--- START ---

lemma mat_exp_G:
  assumes "A \<in> carrier_mat 2 2" "B \<in> carrier_mat 2 2"
  shows "mat_exp (G A B) = G (mat_exp A) (mat_exp B)"
proof (rule mat4_eqI)
  show "mat_exp (G A B) \<in> carrier_mat 4 4"
    by (rule carrier_matI) (simp_all add: mat_exp_def)
  fix i j :: nat assume "i \<in> {0,1,2,3}" "j \<in> {0,1,2,3}"
  then show "mat_exp (G A B) $$ (i,j) = G (mat_exp A) (mat_exp B) $$ (i,j)"
    using assms by (elim insertE emptyE; simp add: mat_exp_def G_pow index_G)
qed simp

text \<open>\<open>hadamard_diag x y\<close> is \<open>H diag(x,y) H\<close> for the normalised Hadamard matrix \<open>H\<close>:
  it has eigenvalue \<open>x\<close> on \<open>(1,1)\<close> and \<open>y\<close> on \<open>(1,-1)\<close>.\<close>

definition hadamard_diag :: "complex \<Rightarrow> complex \<Rightarrow> complex mat" where
  "hadamard_diag x y = mat_of_rows_list 2 [[(x + y) / 2, (x - y) / 2], [(x - y) / 2, (x + y) / 2]]"

lemma dim_hadamard_diag [simp]: "dim_row (hadamard_diag x y) = 2" "dim_col (hadamard_diag x y) = 2"
  by (simp_all add: hadamard_diag_def)

lemma hadamard_diag_carrier [simp]: "hadamard_diag x y \<in> carrier_mat 2 2"
  by (rule carrier_matI) simp_all

text \<open>Entry lemmas are stated with \<open>Suc 0\<close>, the simp normal form of the index \<open>1\<close>.\<close>

lemma index_hadamard_diag [simp]:
  "hadamard_diag x y $$ (0,0) = (x + y) / 2" "hadamard_diag x y $$ (0,Suc 0) = (x - y) / 2"
  "hadamard_diag x y $$ (Suc 0,0) = (x - y) / 2" "hadamard_diag x y $$ (Suc 0,Suc 0) = (x + y) / 2"
  by (simp_all add: hadamard_diag_def)

lemma hadamard_diag_mult: "hadamard_diag x y * hadamard_diag u v = hadamard_diag (x * u) (y * v)"
  by (rule mat2_eqI[OF mult_carrier_mat[OF hadamard_diag_carrier hadamard_diag_carrier]])
    (simp_all add: index_mult_mat_2 field_simps del: index_mult_mat)

lemma hadamard_diag_pow: "hadamard_diag x y ^\<^sub>m k = hadamard_diag (x ^ k) (y ^ k)"
proof (induction k)
  case 0
  show ?case by (rule mat2_eqI) simp_all
next
  case (Suc k)
  then show ?case by (simp add: hadamard_diag_mult mult.commute)
qed

lemma suminf_exp_lincomb:
  fixes a b x y :: complex
  shows "(\<Sum>k. (a * x ^ k + b * y ^ k) / fact k) = a * exp x + b * exp y"
proof -
  have "(\<lambda>k. x ^ k / fact k) sums exp x" for x :: complex
    using exp_converges[of x] by (simp add: scaleR_conv_of_real divide_inverse mult.commute)
  then have "(\<lambda>k. a * (x ^ k / fact k) + b * (y ^ k / fact k)) sums (a * exp x + b * exp y)"
    by (intro sums_add sums_mult)
  then show ?thesis
    by (simp add: sums_iff add_divide_distrib)
qed

lemma mat_exp_hadamard_diag: "mat_exp (hadamard_diag x y) = hadamard_diag (exp x) (exp y)"
proof -
  have "(\<Sum>k. ((x ^ k + s * y ^ k) / 2) / fact k) = (exp x + s * exp y) / 2" for s
    using suminf_exp_lincomb[of "1/2" x "s/2" y] by (simp add: field_simps)
  from this[of 1] this[of "-1"] show ?thesis
    by (intro mat2_eqI) (auto simp: mat_exp_def hadamard_diag_pow)
qed

lemma dim_kron [simp]:
  "dim_row (kron A B) = dim_row A * dim_row B" "dim_col (kron A B) = dim_col A * dim_col B"
  by (simp_all add: kron_def)

lemma index_kron:
  "i < dim_row A * dim_row B \<Longrightarrow> j < dim_col A * dim_col B \<Longrightarrow>
   kron A B $$ (i,j) = A $$ (i div dim_row B, j div dim_col B) * B $$ (i mod dim_row B, j mod dim_col B)"
  by (simp add: kron_def)

lemma dim_pauli [simp]:
  "dim_row pauliX = 2" "dim_col pauliX = 2" "dim_row pauliY = 2" "dim_col pauliY = 2"
  "dim_row pauliZ = 2" "dim_col pauliZ = 2"
  by (simp_all add: pauliX_def pauliY_def pauliZ_def)
lemma comp_inv_pairs_eq_idm:
  assumes p1: "inv_pair V X1 e1 e1i" and p2: "inv_pair V X2 e2 (e2i :: (_, _, 'k::comm_semiring_1) mor)"
    and fV: "\<And>i. finite (sp V i)" and f2: "\<And>i. finite (sp X2 i)"
  shows "comp X2 (comp V e1 e2i) (comp V e2 e1i) = idm X1"
proof -
  have "comp X2 (comp V e1 e2i) (comp V e2 e1i) = comp V e1 (comp V (comp X2 e2i e2) e1i)"
    by (simp add: comp_assoc fV f2)
  also have "comp X2 e2i e2 = idm V" using p2 by (simp add: inv_pair_def)
  also have "comp V (idm V) e1i = e1i"
    using p1 by (intro comp_idm_left[OF _ fV]) (auto simp: inv_pair_def)
  finally show ?thesis using p1 by (simp add: inv_pair_def)
qed

lemma inv_pair_change_of_decomposition:
  assumes p1: "inv_pair V X1 e1 e1i" and p2: "inv_pair V X2 e2 (e2i :: (_, _, 'k::comm_semiring_1) mor)"
    and fV: "\<And>i. finite (sp V i)" and f1: "\<And>i. finite (sp X1 i)" and f2: "\<And>i. finite (sp X2 i)"
  shows "inv_pair X1 X2 (comp V e2 e1i) (comp V e1 e2i)"
  using p1 p2 comp_inv_pairs_eq_idm[OF p1 p2 fV f2] comp_inv_pairs_eq_idm[OF p2 p1 fV f1]
    is_mor_comp[OF _ _ f1 fV f2] is_mor_comp[OF _ _ f2 fV f1]
  unfolding inv_pair_def by blast

lemma arrow_iso_factorisation:
  assumes \<Psi>: "is_mor M' N' \<Psi>" and C: "is_iso M M' C"
    and R: "inv_pair N' N R (R' :: (_, _, 'k::comm_semiring_1) mor)"
    and fM: "\<And>i. finite (sp M i)" and fM': "\<And>i. finite (sp M' i)"
    and fN: "\<And>i. finite (sp N i)" and fN': "\<And>i. finite (sp N' i)"
  shows "arrow_iso M N (comp N' R (comp M' \<Psi> C)) M' N' \<Psi>"
  unfolding arrow_iso_def
proof (intro conjI exI)
  have \<Psi>C: "is_mor M N' (comp M' \<Psi> C)"
    using C \<Psi> by (auto simp: is_iso_def inv_pair_def intro: is_mor_comp fM fM' fN')
  then show "is_mor M N (comp N' R (comp M' \<Psi> C))"
    using R by (auto simp: inv_pair_def intro: is_mor_comp fM fN fN')
  show "is_mor M' N' \<Psi>" by (fact \<Psi>)
  show "is_iso M M' C" by (fact C)
  show "is_iso N N' R'" using inv_pair_sym[OF R] by (auto simp: is_iso_def)
  have "comp N R' (comp N' R (comp M' \<Psi> C)) = comp N' (comp N R' R) (comp M' \<Psi> C)"
    by (simp add: comp_assoc fN fN')
  also have "\<dots> = comp M' \<Psi> C"
    using R by (simp add: inv_pair_def comp_idm_left[OF \<Psi>C fN'])
  finally show "comp N R' (comp N' R (comp M' \<Psi> C)) = comp M' \<Psi> C" .
qed
lemma has_integral_power_exp_neg_sextic_pos:
  fixes c :: real and m :: nat
  assumes c: "c > 0"
  defines "s \<equiv> (2 * real m + 1) / 6"
  shows "(\<lambda>x. x^(2*m) * exp (- c * x^6)) absolutely_integrable_on {0<..}"
    and "((\<lambda>x. x^(2*m) * exp (- c * x^6)) has_integral Gamma s * c powr (- s) / 6) {0<..}"
proof -
  define f where "f t = c powr (- s) / 6 * (t powr (s - 1) / exp t)" for t
  define g where "g x = c * x^6" for x :: real
  have "(f has_integral Gamma s * c powr (- s) / 6) {0<..}"
    unfolding f_def using has_integral_mult_right[OF Gamma_integral_real', of s "c powr (- s) / 6"]
    by (simp add: s_def mult_ac)
  then have f: "f absolutely_integrable_on {0<..} \<and> integral {0<..} f = Gamma s * c powr (- s) / 6"
    by (auto intro!: nonnegative_absolutely_integrable_1
        simp: f_def integral_unique has_integral_integrable)
  have "g ` {0<..} = {0<..}"
    unfolding g_def by (rule image_scaled_sextic_pos[OF c])
  moreover have "inj_on g {0<..}"
    using c by (auto simp: g_def inj_on_def power_eq_iff_eq_base)
  moreover have "(g has_field_derivative 6 * c * x^5) (at x within {0<..})" for x
    unfolding g_def by (auto intro!: derivative_eq_intros)
  ultimately have pulled_back: "(\<lambda>x. \<bar>6 * c * x^5\<bar> * f (g x)) absolutely_integrable_on {0<..}
      \<and> integral {0<..} (\<lambda>x. \<bar>6 * c * x^5\<bar> * f (g x)) = Gamma s * c powr (- s) / 6"
    using f by (subst has_absolute_integral_change_of_variables_1') auto
  have pullback: "\<bar>6 * c * x^5\<bar> * f (g x) = x^(2*m) * exp (- c * x^6)" if "x \<in> {0<..}" for x
  proof -
    have "\<bar>6 * c * x^5\<bar> * f (g x)
        = c powr (- s) * (c * x^5 * (c * x^6) powr (s - 1)) / exp (c * x^6)"
      using c that by (simp add: f_def g_def)
    also have "\<dots> = (c powr (- s) * c powr s) * x^(2*m) / exp (c * x^6)"
      using c that by (simp add: powr_sextic_substitution s_def)
    also have "c powr (- s) * c powr s = 1"
      using c by (simp add: powr_minus)
    finally show ?thesis by (simp add: exp_minus divide_inverse)
  qed
  have "(\<lambda>x. \<bar>6 * c * x^5\<bar> * f (g x)) absolutely_integrable_on {0<..}
      \<longleftrightarrow> (\<lambda>x. x^(2*m) * exp (- c * x^6)) absolutely_integrable_on {0<..}"
    by (rule set_integrable_cong) (simp_all only: pullback)
  moreover have "integral {0<..} (\<lambda>x. \<bar>6 * c * x^5\<bar> * f (g x))
      = integral {0<..} (\<lambda>x. x^(2*m) * exp (- c * x^6))"
    by (rule integral_cong) (rule pullback)
  ultimately show "(\<lambda>x. x^(2*m) * exp (- c * x^6)) absolutely_integrable_on {0<..}"
    and "((\<lambda>x. x^(2*m) * exp (- c * x^6)) has_integral Gamma s * c powr (- s) / 6) {0<..}"
    using pulled_back set_lebesgue_integral_eq_integral(1) has_integral_integral by metis+
qed
(* If the Fischer space $\Pi(D)$ is of symplectic type, then $\mathcal{A}(D)/\mathcal{V}(D)$ is an abelian Lie algebra (all products are zero).
   Context: Let $D$ be a class of $3$-transpositions generating a group $G$ (a conjugacy class of involutions with $o(de)\in\{1,2,3\}$ for $d,e\in D$). $\Pi(D)$ has point set $D$ and lines the triples $\{d,e,d^e\}$ with $d,e$ non-commuting; it is of symplectic type if it contains a dual affine plane of order $2$ but no affine plane of order $3$ as subspace generated by two intersecting lines. $\mathcal{A}(D)$ is the $\mathbb{F}_2$-space with basis $D$ and bilinear product $d*e=d+e+f$ if $\{d,e,f\}$ is a line, $0$ otherwise; the form $\langle d,e\rangle$ is $1$ if $d,e$ do not commute and $0$ otherwise; $\mathcal{V}(D)$ is its radical. *)

theory Defs
  imports "HOL-Algebra.Multiplicative_Group" "HOL-Algebra.Generated_Groups" "HOL-Library.Z2"
begin

definition three_transposition_class :: "('a, 'b) monoid_scheme \<Rightarrow> 'a set \<Rightarrow> bool" where
  "three_transposition_class G D \<longleftrightarrow>
     group G \<and> D \<subseteq> carrier G \<and>
     (\<exists>d0\<in>D. D = {g \<otimes>\<^bsub>G\<^esub> d0 \<otimes>\<^bsub>G\<^esub> inv\<^bsub>G\<^esub> g | g. g \<in> carrier G}) \<and>
     (\<forall>d\<in>D. d \<noteq> \<one>\<^bsub>G\<^esub> \<and> d \<otimes>\<^bsub>G\<^esub> d = \<one>\<^bsub>G\<^esub>) \<and>
     (\<forall>d\<in>D. \<forall>e\<in>D. group.ord G (d \<otimes>\<^bsub>G\<^esub> e) \<in> {1, 2, 3})"

definition generates :: "('a, 'b) monoid_scheme \<Rightarrow> 'a set \<Rightarrow> bool" where
  "generates G D \<longleftrightarrow> generate G D = carrier G"

definition conj_by :: "('a, 'b) monoid_scheme \<Rightarrow> 'a \<Rightarrow> 'a \<Rightarrow> 'a" where
  "conj_by G d e = inv\<^bsub>G\<^esub> e \<otimes>\<^bsub>G\<^esub> d \<otimes>\<^bsub>G\<^esub> e"

definition commute :: "('a, 'b) monoid_scheme \<Rightarrow> 'a \<Rightarrow> 'a \<Rightarrow> bool" where
  "commute G d e \<longleftrightarrow> d \<otimes>\<^bsub>G\<^esub> e = e \<otimes>\<^bsub>G\<^esub> d"

definition fischer_lines :: "('a, 'b) monoid_scheme \<Rightarrow> 'a set \<Rightarrow> 'a set set" where
  "fischer_lines G D = {{d, e, conj_by G d e} | d e. d \<in> D \<and> e \<in> D \<and> \<not> commute G d e}"

definition fischer_subspace :: "('a, 'b) monoid_scheme \<Rightarrow> 'a set \<Rightarrow> 'a set \<Rightarrow> bool" where
  "fischer_subspace G D S \<longleftrightarrow> S \<subseteq> D \<and>
     (\<forall>L\<in>fischer_lines G D. \<forall>x\<in>L. \<forall>y\<in>L. x \<noteq> y \<and> x \<in> S \<and> y \<in> S \<longrightarrow> L \<subseteq> S)"

definition generated_subspace :: "('a, 'b) monoid_scheme \<Rightarrow> 'a set \<Rightarrow> 'a set \<Rightarrow> 'a set" where
  "generated_subspace G D X = \<Inter>{S. fischer_subspace G D S \<and> X \<subseteq> S}"

definition induced_lines :: "('a, 'b) monoid_scheme \<Rightarrow> 'a set \<Rightarrow> 'a set \<Rightarrow> 'a set set" where
  "induced_lines G D P = {L \<in> fischer_lines G D. L \<subseteq> P}"

definition is_dual_affine_plane_2 :: "('a, 'b) monoid_scheme \<Rightarrow> 'a set \<Rightarrow> 'a set \<Rightarrow> bool" where
  "is_dual_affine_plane_2 G D P \<longleftrightarrow> finite P \<and> card P = 6 \<and>
     (\<forall>x\<in>P. card {L \<in> induced_lines G D P. x \<in> L} = 2) \<and>
     (\<forall>L1\<in>induced_lines G D P. \<forall>L2\<in>induced_lines G D P. L1 \<noteq> L2 \<longrightarrow> card (L1 \<inter> L2) = 1)"

text \<open>Affine plane of order 3 (9 points, every two distinct points on a common line;
  lines have 3 points, so this is the Steiner triple system AG(2,3)).\<close>
definition is_affine_plane_3 :: "('a, 'b) monoid_scheme \<Rightarrow> 'a set \<Rightarrow> 'a set \<Rightarrow> bool" where
  "is_affine_plane_3 G D P \<longleftrightarrow> finite P \<and> card P = 9 \<and>
     (\<forall>x\<in>P. \<forall>y\<in>P. x \<noteq> y \<longrightarrow> (\<exists>L\<in>induced_lines G D P. x \<in> L \<and> y \<in> L))"

definition fischer_plane :: "('a, 'b) monoid_scheme \<Rightarrow> 'a set \<Rightarrow> 'a set \<Rightarrow> bool" where
  "fischer_plane G D P \<longleftrightarrow> (\<exists>L1\<in>fischer_lines G D. \<exists>L2\<in>fischer_lines G D.
      L1 \<noteq> L2 \<and> L1 \<inter> L2 \<noteq> {} \<and> P = generated_subspace G D (L1 \<union> L2))"

definition symplectic_type :: "('a, 'b) monoid_scheme \<Rightarrow> 'a set \<Rightarrow> bool" where
  "symplectic_type G D \<longleftrightarrow>
     (\<exists>P. fischer_plane G D P \<and> is_dual_affine_plane_2 G D P) \<and>
     \<not> (\<exists>P. fischer_plane G D P \<and> is_affine_plane_3 G D P)"

text \<open>The F_2-space A(D) with basis D: finitely supported functions D -> F_2.\<close>
definition alg_space :: "'a set \<Rightarrow> ('a \<Rightarrow> bit) set" where
  "alg_space D = {x. finite {d. x d \<noteq> 0} \<and> {d. x d \<noteq> 0} \<subseteq> D}"

definition supp :: "('a \<Rightarrow> bit) \<Rightarrow> 'a set" where
  "supp x = {d. x d \<noteq> 0}"

definition basis_prod :: "('a, 'b) monoid_scheme \<Rightarrow> 'a \<Rightarrow> 'a \<Rightarrow> ('a \<Rightarrow> bit)" where
  "basis_prod G d e = (if \<not> commute G d e
     then (\<lambda>c. (if c = d then 1 else 0) + (if c = e then 1 else 0) + (if c = conj_by G d e then 1 else 0))
     else (\<lambda>c. 0))"

definition alg_prod :: "('a, 'b) monoid_scheme \<Rightarrow> ('a \<Rightarrow> bit) \<Rightarrow> ('a \<Rightarrow> bit) \<Rightarrow> ('a \<Rightarrow> bit)" where
  "alg_prod G x y = (\<lambda>c. \<Sum>d\<in>supp x. \<Sum>e\<in>supp y. x d * y e * basis_prod G d e c)"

--- END ---

Retype the records above, but only those lines that fall between the line containing "unfolding g_def by (rule" and the line containing "x)) = Gamma", with both of those lines included, exactly as written.

    unfolding g_def by (rule image_scaled_sextic_pos[OF c])
  moreover have "inj_on g {0<..}"
    using c by (auto simp: g_def inj_on_def power_eq_iff_eq_base)
  moreover have "(g has_field_derivative 6 * c * x^5) (at x within {0<..})" for x
    unfolding g_def by (auto intro!: derivative_eq_intros)
  ultimately have pulled_back: "(\<lambda>x. \<bar>6 * c * x^5\<bar> * f (g x)) absolutely_integrable_on {0<..}
      \<and> integral {0<..} (\<lambda>x. \<bar>6 * c * x^5\<bar> * f (g x)) = Gamma s * c powr (- s) / 6"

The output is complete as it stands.